Airstream also manufactures a Class B RV based on a Mercedes-Benz Sprinter chassis in a "Tommy Bahama Resort Edition", with 4 different models.

==Liquor range==

Tommy Bahama launched its own brand of rum in 2007. The line includes two varieties, White Sand, a light rum; and Golden Sun, an aged, dark rum. Both varieties are produced by R.L. Seale Distillery, which has been producing rum for more than 80 years in Barbados.

Tommy Bahama Rum was awarded the Double Gold for Tommy Bahama Golden Sun and Gold for Tommy Bahama White Sands at the 2010 San Francisco World Spirits Competition.
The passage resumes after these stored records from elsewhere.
lemma cond3_imp_cond0:
  assumes "1 \<in> S" and "cond3 S"
  shows "cond0 S"
proof (rule cond0_if_all_products[OF \<open>1 \<in> S\<close>])
  fix a :: 'a
  from \<open>cond3 S\<close> obtain n :: nat and s where s: "\<forall>i\<in>{0..n}. s i \<in> S" and a: "a = (\<Prod>i=0..n. s i ^ 2 ^ i)"
    unfolding cond3_def by blast
  have "s i ^ 2 ^ i \<in> products S" if "i \<in> {0..n}" for i
    using that s by (blast intro: power_in_products)
  then show "a \<in> products S" unfolding a by (rule prod_in_products)
qed

lemma divisor_chain_prod_eq_prod_powers:
  fixes s :: "nat \<Rightarrow> 'a::comm_monoid_mult"
  assumes "n \<ge> 1" and "\<forall>i. 1 \<le> i \<and> i < n \<longrightarrow> s i dvd s (i + 1)"
  shows "\<exists>t. prod t {1..n} = s n \<and> prod s {1..n} = (\<Prod>i=1..n. t i ^ i)"
  using assms
proof (induction n rule: nat_induct_at_least)
  case base
  then show ?case by (intro exI[of _ s]) simp
next
  case (Suc n)
  then obtain t where t: "prod t {1..n} = s n" "prod s {1..n} = (\<Prod>i=1..n. t i ^ i)" by auto
  have "s n dvd s (Suc n)" using Suc by auto
  then obtain v where v: "s (Suc n) = s n * v" by (elim dvdE)
  \<comment> \<open>the new quotient \<open>v\<close> enters with exponent 1 and every old \<open>t i\<close> moves up one exponent\<close>
  define t' where "t' i = (if i = 1 then v else t (i - 1))" for i
  have shift: "prod f {1..Suc n} = f 1 * prod (\<lambda>i. f (Suc i)) {1..n}" for f :: "nat \<Rightarrow> 'a"
    by (simp add: prod.atLeast_Suc_atMost prod.shift_bounds_cl_Suc_ivl del: prod.cl_ivl_Suc)
  have t'_prod: "prod t' {1..Suc n} = v * prod t {1..n}"
    unfolding shift by (simp add: t'_def)
  have "(\<Prod>i=1..Suc n. t' i ^ i) = v * (\<Prod>i=1..n. t i ^ Suc i)"
    unfolding shift[of "\<lambda>i. t' i ^ i"] by (simp add: t'_def)
  also have "(\<Prod>i=1..n. t i ^ Suc i) = (\<Prod>i=1..n. t i ^ i) * prod t {1..n}"
    by (simp add: prod.distrib[symmetric] mult.commute)
  finally have t'_powers: "(\<Prod>i=1..Suc n. t' i ^ i) = v * prod s {1..n} * s n"
    using t by (simp add: mult_ac)
  have "prod s {1..Suc n} = prod s {1..n} * s (Suc n)" using Suc by simp
  then show ?case using t'_prod t'_powers t v by (intro exI[of _ t']) (simp add: mult_ac)
qed

lemma cond2_imp_prod_powers:
  fixes a :: "'a::comm_monoid_mult"
  assumes "cond2 S"
  obtains n :: nat and t where "n \<ge> 1" "prod t {1..n} \<in> S" "a = (\<Prod>i=1..n. t i ^ i)"
proof -
  from assms[unfolded cond2_def, THEN spec[of _ a]] obtain n :: nat and s where s: "n \<ge> 1" "\<forall>i\<in>{1..n}. s i \<in> S"
    "\<forall>i. 1 \<le> i \<and> i < n \<longrightarrow> s i dvd s (i + 1)" "a = (\<Prod>i=1..n. s i)"
    by blast
  from divisor_chain_prod_eq_prod_powers[OF s(1) s(3)] obtain t where
    "prod t {1..n} = s n" "prod s {1..n} = (\<Prod>i=1..n. t i ^ i)" by blast
  with s show thesis by (intro that[of n t]) auto
qed
lemma closest_point_along_curve:
  assumes y: "y \<in> tube M tM" and c: "(c has_vector_derivative c') (at 0)" and c0: "c 0 = y"
  shows "((\<lambda>t. (closest_point M (c t) - closest_point M y) /\<^sub>R t) \<longlongrightarrow> D\<pi> y c') (at_right 0)"
    and "((\<lambda>t. norm (c t - closest_point M (c t))) \<longlongrightarrow> norm (y - closest_point M y)) (at_right 0)"
    and "\<forall>\<^sub>F t in at_right 0. 0 < t \<and> c t \<in> tube M tM"
proof -
  note \<pi>c' = has_vector_derivative_closest_point_comp[OF y c c0]
  show "((\<lambda>t. (closest_point M (c t) - closest_point M y) /\<^sub>R t) \<longlongrightarrow> D\<pi> y c') (at_right 0)"
    using tendsto_difference_quotient[OF \<pi>c'] c0 by (auto intro: tendsto_within_subset)
  have "(c \<longlongrightarrow> y) (at_right 0)" "((\<lambda>t. closest_point M (c t)) \<longlongrightarrow> closest_point M y) (at_right 0)"
    using has_vector_derivative_continuous[OF c] has_vector_derivative_continuous[OF \<pi>c'] c0
    by (auto simp: isCont_def intro: tendsto_within_subset)
  then show "((\<lambda>t. norm (c t - closest_point M (c t))) \<longlongrightarrow> norm (y - closest_point M y)) (at_right 0)"
    by (intro tendsto_intros)
  show "\<forall>\<^sub>F t in at_right 0. 0 < t \<and> c t \<in> tube M tM"
    using eventually_conj[OF eventually_at_right_less topological_tendstoD[OF \<open>(c \<longlongrightarrow> y) _\<close> open_tube y]] .
qed

lemma closest_point_derivative_tangent:
  assumes y: "y \<in> tube M tM"
  shows "D\<pi> y u \<in> tangent_space M (closest_point M y)"
proof -
  obtain e where e: "e > 0" "ball y e \<subseteq> tube M tM" using open_tube y open_contains_ball by blast
  define e' where "e' = e / (norm u + 1)"
  have e': "e' > 0" using e by (simp add: e'_def add_nonneg_pos)
  have inM: "closest_point M (y + t *\<^sub>R u) \<in> M" if "t \<in> {-e'<..<e'}" for t
  proof -
    have "norm (t *\<^sub>R u) \<le> \<bar>t\<bar> * (norm u + 1)" by (simp add: mult_left_mono)
    also have "\<dots> < e' * (norm u + 1)" using that by (intro mult_strict_right_mono) (auto simp: add_nonneg_pos)
    also have "\<dots> = e" by (simp add: e'_def add_pos_nonneg[THEN less_imp_neq, symmetric] add.commute)
    finally have "y + t *\<^sub>R u \<in> tube M tM" using e by (auto simp: dist_norm)
    then show ?thesis using tube_closest_point(1)[OF _ order_refl] by blast
  qed
  have "((\<lambda>t. y + t *\<^sub>R u) has_vector_derivative u) (at 0)"
    by (auto intro!: derivative_eq_intros)
  from has_vector_derivative_closest_point_comp[OF y this]
  have "((\<lambda>t. closest_point M (y + t *\<^sub>R u)) has_vector_derivative D\<pi> y u) (at 0)" by simp
  with e' inM show ?thesis unfolding tangent_space_def by force
qed

lemma closest_point_derivative_fixes_tangent:
  assumes p: "p \<in> M" and w: "w \<in> tangent_space M p"
  shows "D\<pi> p w = w"
proof -
  obtain \<gamma> e where e: "e > 0" and \<gamma>: "\<forall>t\<in>{-e<..<e}. \<gamma> t \<in> M" and \<gamma>0: "\<gamma> 0 = p"
    and \<gamma>': "(\<gamma> has_vector_derivative w) (at 0)" using w unfolding tangent_space_def by blast
  have "((\<lambda>t. closest_point M (\<gamma> t)) has_vector_derivative D\<pi> p w) (at 0)"
    by (rule has_vector_derivative_closest_point_comp[OF mem_tube[OF p reach_pos] \<gamma>' \<gamma>0])
  moreover have "closest_point M (\<gamma> t) = \<gamma> t" if "t \<in> {-e<..<e}" for t
    using closest_point_self \<gamma> that by blast
  ultimately have "(\<gamma> has_vector_derivative D\<pi> p w) (at 0)"
    using has_vector_derivative_transform_within_open[of _ _ 0 "{-e<..<e}"] e by auto
  then show ?thesis using \<gamma>' vector_derivative_unique_at by blast
qed

lemma tangent_space_eq_range:
  assumes p: "p \<in> M"
  shows "tangent_space M p = range (D\<pi> p)"
proof
  show "tangent_space M p \<subseteq> range (D\<pi> p)"
    using closest_point_derivative_fixes_tangent[OF p] by (metis rangeI subsetI)
  show "range (D\<pi> p) \<subseteq> tangent_space M p"
    using closest_point_derivative_tangent[OF mem_tube[OF p reach_pos]] closest_point_self[OF p] by auto
qed

lemma subspace_tangent_space: "p \<in> M \<Longrightarrow> subspace (tangent_space M p)"
  using linear_subspace_image[OF linear_closest_point_derivative[OF mem_tube] subspace_UNIV]
  by (simp add: tangent_space_eq_range reach_pos)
As of October 2012, liquor ratings aggregator Proof66.com placed the White Sand and Golden Sun rums in its "Tier 1" category, indicating the "Highest Recommendation."

== Resort ==
In 2023, the brand opened its first resort, the Tommy Bahama Miramonte Resort & Spa, in partnership with CoralTree Hospitality, and the real estate investment company Lowe who first acquired the site in 2020. The 215-room property, which first opened in 1963, underwent a $20 million renovation and features decor inspired by the brand including woven textures and tropical prints.

==Headquarters==

The corporate headquarters of Tommy Bahama is located at 400 Fairview in the South Lake Union neighborhood of Seattle, Washington, and was built in 2015.